▶ _Records for the task_:

lemma binomial_mult_power_le:
  fixes x :: real
  assumes "2 \<le> k" "0 \<le> x" "M * x \<le> 1/8"
  shows "(M choose k) * x ^ (k - 1) \<le> M / 8"
proof -
  have "M choose k \<le> M ^ k"
    using binomial_le_pow[of k M] by (cases "k \<le> M") (simp_all add: binomial_eq_0)
  also have "M ^ k = M * M ^ (k - 1)"
    using assms(1) by (cases k) simp_all
  finally have "real (M choose k) \<le> real M * real M ^ (k - 1)"
    by (metis of_nat_le_iff of_nat_mult of_nat_power)
  then have "(M choose k) * x ^ (k - 1) \<le> M * M ^ (k - 1) * x ^ (k - 1)"
    using assms(2) by (intro mult_right_mono) auto
  also have "\<dots> = M * (M * x) ^ (k - 1)"
    by (simp add: power_mult_distrib)
  also have "\<dots> \<le> M * (M * x) ^ 1"
    using assms by (intro mult_left_mono power_decreasing) auto
  also have "\<dots> \<le> M * (1/8)"
    using assms(3) by (intro mult_left_mono) auto
  finally show ?thesis
    by simp
qed

lemma binomial_2_mult_inverse_power_le:
  assumes "1 \<le> M" "1 \<le> n"
  shows "(M choose 2) * (1 / (8 * real M)) ^ n \<le> M / 8"
proof -
  have "M * (1 / (8 * real M)) ^ n \<le> M * (1 / (8 * real M)) ^ 1"
    using assms by (intro mult_left_mono power_decreasing) auto
  then have "M * (1 / (8 * real M)) ^ n \<le> 1/8"
    using assms(1) by simp
  then show ?thesis
    using binomial_mult_power_le[of 2 "(1 / (8 * real M)) ^ n" M] by simp
qed

lemma exists_code_of_rate_bounds:
  fixes n M L :: nat and P N Q :: real
  assumes "0 < Q" "Q < P" "0 < N" "2 \<le> L" "1 \<le> n" "1 \<le> M"
    and \<rho>: "1 < (real L - 1) * Q / (L * N)"
    and power: "exp (- real n * rate_bound (Q / P)) \<le> 1/8"
    and spread: "M * exp (- real n * rate_bound ((real L - 1) * Q / (L * N))) \<le> 1/8"
  shows "\<exists>C. list_decodable n P N L C \<and> M < 2 * card C"
proof -
  define \<theta> where "\<theta> = Q / P"
  define \<rho> where "\<rho> = (real L - 1) * Q / (L * N)"
  have "0 < \<theta>" "\<theta> < 1" "1 < \<rho>"
    using assms(1,2) \<rho> by (simp_all add: \<theta>_def \<rho>_def)
  \<comment> \<open>Chernoff parameters for which each of the three expected counts is at most \<open>M/8\<close>\<close>
  define t where "t = (1 - \<theta>) / 2"
  define \<alpha> where "\<alpha> = (\<rho> - 1) / 2"
  define \<beta> where "\<beta> = ((8 * real M)\<^sup>2 - 1) / 2"
  have "n * P / Q = n / \<theta>" "1 - 2*t = \<theta>"
    using assms(1,2) by (simp_all add: \<theta>_def t_def field_simps)
  have "exp (- t * (n * P / Q)) * (1 / sqrt (1 - 2*t)) ^ n = exp (- real n * rate_bound \<theta>)"
    unfolding \<open>1 - 2*t = \<theta>\<close> \<open>n * P / Q = n / \<theta>\<close> unfolding t_def
    using \<open>0 < \<theta>\<close> by (rule chernoff_exponent_power)
  then have col_norm: "M * (exp (- t * (n * P / Q)) * (1 / sqrt (1 - 2*t)) ^ n) \<le> M / 8"
    using mult_left_mono[OF power, of "real M"] by (simp add: \<theta>_def)
  have "L * N / Q = (real L - 1) / \<rho>"
    unfolding \<rho>_def using assms(1,3,4) by (simp add: field_simps)
  then have "L * (n * N) / Q = n * ((real L - 1) / \<rho>)"
    by (metis times_divide_eq_right mult.left_commute)
  then have arg: "L * (n * N) / Q = n * real (L - 1) / \<rho>"
    using assms(4) by (simp add: of_nat_diff)
  have base: "2*\<alpha> + 1 = \<rho>" and exponent: "- (real L - 1) / 2 = - real (L - 1) / 2"
    using assms(4) by (simp_all add: \<alpha>_def of_nat_diff field_simps)
  have "exp (\<alpha> * (L * (n * N) / Q)) * ((2*\<alpha> + 1) powr (- (real L - 1) / 2)) ^ n
      = exp (- real n * rate_bound \<rho>) ^ (L - 1)"
    unfolding arg base exponent unfolding \<alpha>_def using \<open>1 < \<rho>\<close>
    by (intro chernoff_exponent_spread) simp
  then have scatter: "(M choose L) * (exp (\<alpha> * (L * (n * N) / Q)) * ((2*\<alpha> + 1) powr (- (real L - 1) / 2)) ^ n) \<le> M / 8"
    using binomial_mult_power_le[OF assms(4) _ spread] by (simp add: \<rho>_def)
  have "2*\<beta> + 1 = (8 * real M)\<^sup>2"
    by (simp add: \<beta>_def field_simps)
  then have "(2*\<beta> + 1) powr (- 1 / 2) = 1 / (8 * real M)"
    using assms(6) power2_powr_neg_half[of "8 * real M"] by simp
  then have pairs: "(M choose 2) * ((2*\<beta> + 1) powr (- 1 / 2)) ^ n \<le> M / 8"
    using binomial_2_mult_inverse_power_le[OF assms(6,5)] by simp
  have "1 \<le> (8 * real M)\<^sup>2"
    using assms(6) by (intro one_le_power) simp
  then have "0 \<le> t" "t < 1/2" "0 \<le> \<alpha>" "0 \<le> \<beta>" "0 < L"
    using \<open>0 < \<theta>\<close> \<open>\<theta> < 1\<close> \<open>1 < \<rho>\<close> assms(4) by (simp_all add: t_def \<alpha>_def \<beta>_def)
  moreover have "M * (exp (- t * (n * P / Q)) * (1 / sqrt (1 - 2*t)) ^ n)
      + (M choose L) * (exp (\<alpha> * (L * (n * N) / Q)) * ((2*\<alpha> + 1) powr (- (real L - 1) / 2)) ^ n)
      + (M choose 2) * ((2*\<beta> + 1) powr (- 1 / 2)) ^ n < M / 2"
    using col_norm scatter pairs assms(6) by linarith
  ultimately obtain \<omega> where "2 * card (bad_sets n M L (n * P / Q) (L * (n * N) / Q) \<omega>) < M"
    using exists_gauss_matrix_few_bad_sets by blast
  then show ?thesis
    using exists_code_of_few_bad_sets assms(1,2,4) by simp
qed
(*
  A singular loop matrix mat 1 - F Delta, or an eigenvalue l with Re l >= 0,
  yields a nonzero pair (v, w) with w = Delta (C v + F w) whose moduli x = |v|, y = |w| satisfy
  A x + E y >= 0 (in the eigenvalue case because A is Metzler and l v = A v + E w) and the
  block-energy inequality sum d |y|^2 <= sum d |C x + F y|^2 (every block of Delta is a
  contraction).  Weighted Cauchy-Schwarz turns these quadratic constraints on (x, y) into linear
  constraints on (x^2/lam, y^2/nu), which the two row inequalities of the certificate exclude.

  Taking Delta = 0, A has no eigenvalue with nonnegative real part; Gordan's
  alternative and a Brouwer fixed point argument then make P = -A^-1 entrywise nonnegative,
  so the steady-state gain G = F + C P E is nonnegative.  Block-diagonal rank-one Delta show
  that G loses energy in some block for every nonzero input; separating the convex hull of the
  concave block-gain map over the simplex from the nonnegative orthant gives block weights d
  with G^T D G - D negative on the nonnegative orthant.  Gordan's alternative yields nu > 0
  with (G^T D G - D) nu < 0, and lam, mu are written down from nu, P and a small perturbation.
*)

definition diag_mat :: "('n \<Rightarrow> 'a::zero) \<Rightarrow> 'a^'n^'n" where
  "diag_mat d = (\<chi> i j. if i = j then d i else 0)"

definition offdiag :: "'a::zero^'n^'n \<Rightarrow> 'a^'n^'n" where
  "offdiag M = (\<chi> i j. if i = j then 0 else M $ i $ j)"

lemma diag_mat_mult_vector: "diag_mat d *v (v::'a::semiring_1^'n) = (\<chi> k. d k * v$k)"
proof -
  have "(\<Sum>j\<in>UNIV. (if i = j then d i else 0) * v$j) = (\<Sum>j\<in>UNIV. if i = j then d i * v$j else 0)" for i
    by (rule sum.cong) auto
  then show ?thesis
    by (simp add: vec_eq_iff diag_mat_def matrix_vector_mult_def)
qed

lemma transpose_diag_mat [simp]: "transpose (diag_mat d) = diag_mat d"
  by (simp add: vec_eq_iff diag_mat_def transpose_def)

lemma inner_diag_mat: "inner x (diag_mat d *v y) = (\<Sum>k\<in>UNIV. d k * x$k * y$k)"
  by (simp add: diag_mat_mult_vector inner_vec_def algebra_simps)

lemma diag_mat_add_offdiag: "diag_mat (\<lambda>i. M$i$i) + offdiag M = (M::'a::monoid_add^'n^'n)"
  by (simp add: vec_eq_iff diag_mat_def offdiag_def)

lemma matrix_vector_mult_nth_offdiag:
  "(M *v x) $ i = M$i$i * x$i + (offdiag M *v x) $ i"
  for M :: "'a::comm_semiring_1^'n^'n"
proof -
  have "M *v x = diag_mat (\<lambda>i. M$i$i) *v x + offdiag M *v x"
    by (simp only: diag_mat_add_offdiag flip: matrix_vector_mult_add_rdistrib)
  then show ?thesis
    by (simp add: diag_mat_mult_vector)
qed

▶ _To do_:
Only lines that include "nonzero" belong in the answer; copy all of them from the listing.

▶ _Task result_:
  yields a nonzero pair (v, w) with w = Delta (C v + F w) whose moduli x = |v|, y = |w| satisfy
  that G loses energy in some block for every nonzero input; separating the convex hull of the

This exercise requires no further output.